A Man Who Has Nothing In Particular To Recommend Him Discusses All Sorts of Subjects at Random as Though He Knew Everything

Sixteen Tons and Whaddaya Get?

We got a ton of pellets yesterday. A ton isn’t that much. It’s fifty bags that weigh forty pounds each. I wrote out the math for you to prove I went to Catholic school. We had it delivered, because the place that delivers keeps their pellets indoors, so they’re the only supplier that doesn’t sell you wet pellets. Wet pellets are next to useless. Walmart is only twenty-five dollars a ton cheaper, and they leave the pallets out in the weather. In case you’re some form of criminal, I’m giving you a heads up that you can go to Walmart at 1 AM and find $25,000 worth of pellets in the parking lot that you can steal if you’re feeling really frisky and have a pickup truck that can handle a hundred tons. My advice is that it’s a lot less work to simply siphon gas from your neighbors’ cars and use the fuel to drive until you reach the Mason-Dixon line. Sometimes the old ways are the best ways.

People never steal anything useful like pellets. That’s why they’re left out in the parking lot under the hinky streetlight. People who want to steal things go inside the Walmart and try to steal televisions and iPhones, which are not useful, and go to jail for their trouble. There’s 25 grand in pellets outside, but they want to steal a phone the company will give to you for free if you sign up for cellphone service. I think that proves that tattoo ink interferes with normal brain function, because everyone in the police blotter has a visible tattoo on their neck. I’m just doing the math again. However, it doesn’t explain how you ended up with a tattoo in the first place, so I need a new theorem.

We burn pellets instead of firewood these days. Firewood is cheaper than pellets, which are cheaper than oil, which is cheaper than propane, which is cheaper than electricity. Wood, pellets, oil, and propane dumped together and burned in a rusty barrel out in the yard to heat the house indirectly through an open window is cheaper than electricity, now that I think of it. That’s because electricity is 100-percent efficient. Nothing goes to waste. Every electron you use is converted directly into a zero on your bill. You could get an electric bill for $900 where I live. For one month. That’s if it’s a warmish January. The electric company doesn’t leave any electricity outside on pallets in their parking lot, or I would steal it, and feel saintly while doing it. There are laws greater than those made by men.

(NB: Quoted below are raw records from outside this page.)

lemma sublevel_subset_polytope:
  assumes "0 < \<delta>" "\<And>i. \<delta> \<le> d $ i" "BhatP C d w \<delta> \<xi> \<le> betabar C d w \<delta>"
  shows "\<xi> \<in> polytope C d"
proof (rule ccontr)
  assume "\<xi> \<notin> polytope C d"
  then obtain i where i: "d $ i < C $ i \<bullet> \<xi>" by (auto simp: polytope_def not_le)
  define t where "t = d $ i / (C $ i \<bullet> \<xi>)"
  have t: "0 < t" "t < 1" using i d_pos[of i] by (auto simp: t_def)
  have facet: "C $ i \<bullet> (t *\<^sub>R \<xi>) = d $ i" using i d_pos[of i] by (simp add: t_def)
  have "BhatP C d w \<delta> (t *\<^sub>R \<xi>) \<le> t * BhatP C d w \<delta> \<xi>"
    using t by (intro BhatP_scaleR_le[OF assms(1,2)]) auto
  also have "\<dots> \<le> t * BhatP C d w \<delta> (t *\<^sub>R \<xi>)"
    using assms(3) betabar_le_BhatP[OF assms(1,2) facet] t by simp
  finally have "(1 - t) * BhatP C d w \<delta> (t *\<^sub>R \<xi>) \<le> 0" by (simp add: algebra_simps)
  moreover have "0 < (1 - t) * BhatP C d w \<delta> (t *\<^sub>R \<xi>)"
    using t BhatP_on_facet_ge_half[OF assms(1,2) facet] by simp
  ultimately show False by simp
qed

lemma continuous_on_betabar: "continuous_on {0<..Min (range (\<lambda>i. d $ i))} (betabar C d w)"
proof (cases "\<exists>i \<xi>. C $ i \<bullet> \<xi> = d $ i")
  case False
  then have "betabar C d w = (\<lambda>_. Inf {})" by (auto simp: betabar_def fun_eq_iff)
  then show ?thesis by simp
next
  case True
  then obtain i0 \<xi>0 where facet: "C $ i0 \<bullet> \<xi>0 = d $ i0" by blast
  show ?thesis
  proof (rule continuous_on_from_rescaling_bound)
    fix a b assume "a \<in> {0<..Min (range (\<lambda>i. d $ i))}" "b \<in> {0<..Min (range (\<lambda>i. d $ i))}" "a \<le> b"
    then have a: "0 < a" "\<And>i. a \<le> d $ i" and b: "0 < b" "\<And>i. b \<le> d $ i" and "a \<le> b"
      by (auto simp: admissible_delta_iff)
    show "betabar C d w b \<le> betabar C d w a"
      using betabar_le_BhatP[OF b] BhatP_antimono_delta[OF a(1) \<open>a \<le> b\<close>]
      by (intro le_betabar[OF facet]) (meson order_trans)
    define A where "A = 1 + 2 * (b/a) * (b/a - 1)"
    have "1 \<le> b/a" using a \<open>a \<le> b\<close> by simp
    then have "0 < A" unfolding A_def by (smt (verit) mult_nonneg_nonneg)
    have "(betabar C d w a - (\<Sum>j\<in>UNIV. 1 + w $ j) * ln (b/a)) / A \<le> betabar C d w b"
    proof (rule le_betabar[OF facet])
      fix i \<xi> assume "C $ i \<bullet> \<xi> = d $ i"
      then have "betabar C d w a \<le> A * BhatP C d w b \<xi> + (\<Sum>j\<in>UNIV. 1 + w $ j) * ln (b/a)"
        unfolding A_def
        using betabar_le_BhatP[OF a] BhatP_rescaled_bound[OF a(1) \<open>a \<le> b\<close> b(2)] by (blast intro: order_trans)
      then show "(betabar C d w a - (\<Sum>j\<in>UNIV. 1 + w $ j) * ln (b/a)) / A \<le> BhatP C d w b \<xi>"
        using \<open>0 < A\<close> by (simp add: pos_divide_le_eq mult.commute)
    qed
    then show "betabar C d w a \<le> A * betabar C d w b + (\<Sum>j\<in>UNIV. 1 + w $ j) * ln (b/a)"
      using \<open>0 < A\<close> by (simp add: divide_le_eq mult.commute)
  next
    fix a assume "a \<in> {0<..Min (range (\<lambda>i. d $ i))}"
    then show "0 \<le> betabar C d w a"
      by (intro le_betabar[OF facet] BhatP_nonneg) (auto simp: admissible_delta_iff)
  qed (use one_plus_w_ge_one in \<open>auto intro: sum_nonneg order_trans[OF zero_le_one]\<close>)
qed

end

theorem lemma2:
  fixes C :: "real^'r^'q" and d :: "real^'q" and w :: "real^'q"
  assumes "compact (polytope C d)"
    and "\<forall>i. d $ i > 0"
    and "\<forall>i. w $ i \<ge> 0"
    and "transpose C *v (\<chi> i. (1 / d $ i) * (1 + w $ i)) = 0"
  shows "continuous_on {0<..Min (range (\<lambda>i. d $ i))} (betabar C d w)
    \<and> (\<forall>\<delta>\<in>{0<..Min (range (\<lambda>i. d $ i))}.
          {\<xi>. BhatP C d w \<delta> \<xi> \<le> betabar C d w \<delta>} \<subseteq> polytope C d)"
proof -
  interpret facet_barrier C d w
    using assms(2-4) by unfold_locales auto
  show ?thesis
    using continuous_on_betabar sublevel_subset_polytope by (auto simp: admissible_delta_iff)
qed

end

We bought the largest pellet stove we could find. It’s a Vogelzang VG5790, which translates roughly from German as, “The goddamn electric bill for January was $900.” If that translation sounds a bit off for you, that’s because I learnt classical German, not that strange dialect you seem to have picked up. Anyway, according to the manufacturer, our pellet stove produces 60,000 BTUs per hour. According to me, pellet stove manufacturers produce one extravagant lie every minute. At any rate, our stove has 5 settings:

  1. Why do you keep it so hot in here? (October)
  2. Why do you keep it so cold in here? (November)
  3. Why is there ice on the inside of the windows? (December)
  4. Why am I brushing my teeth with slush from the faucet? (January)
  5. Why didn’t I buy damp pellets from Walmart when I had the chance? (February)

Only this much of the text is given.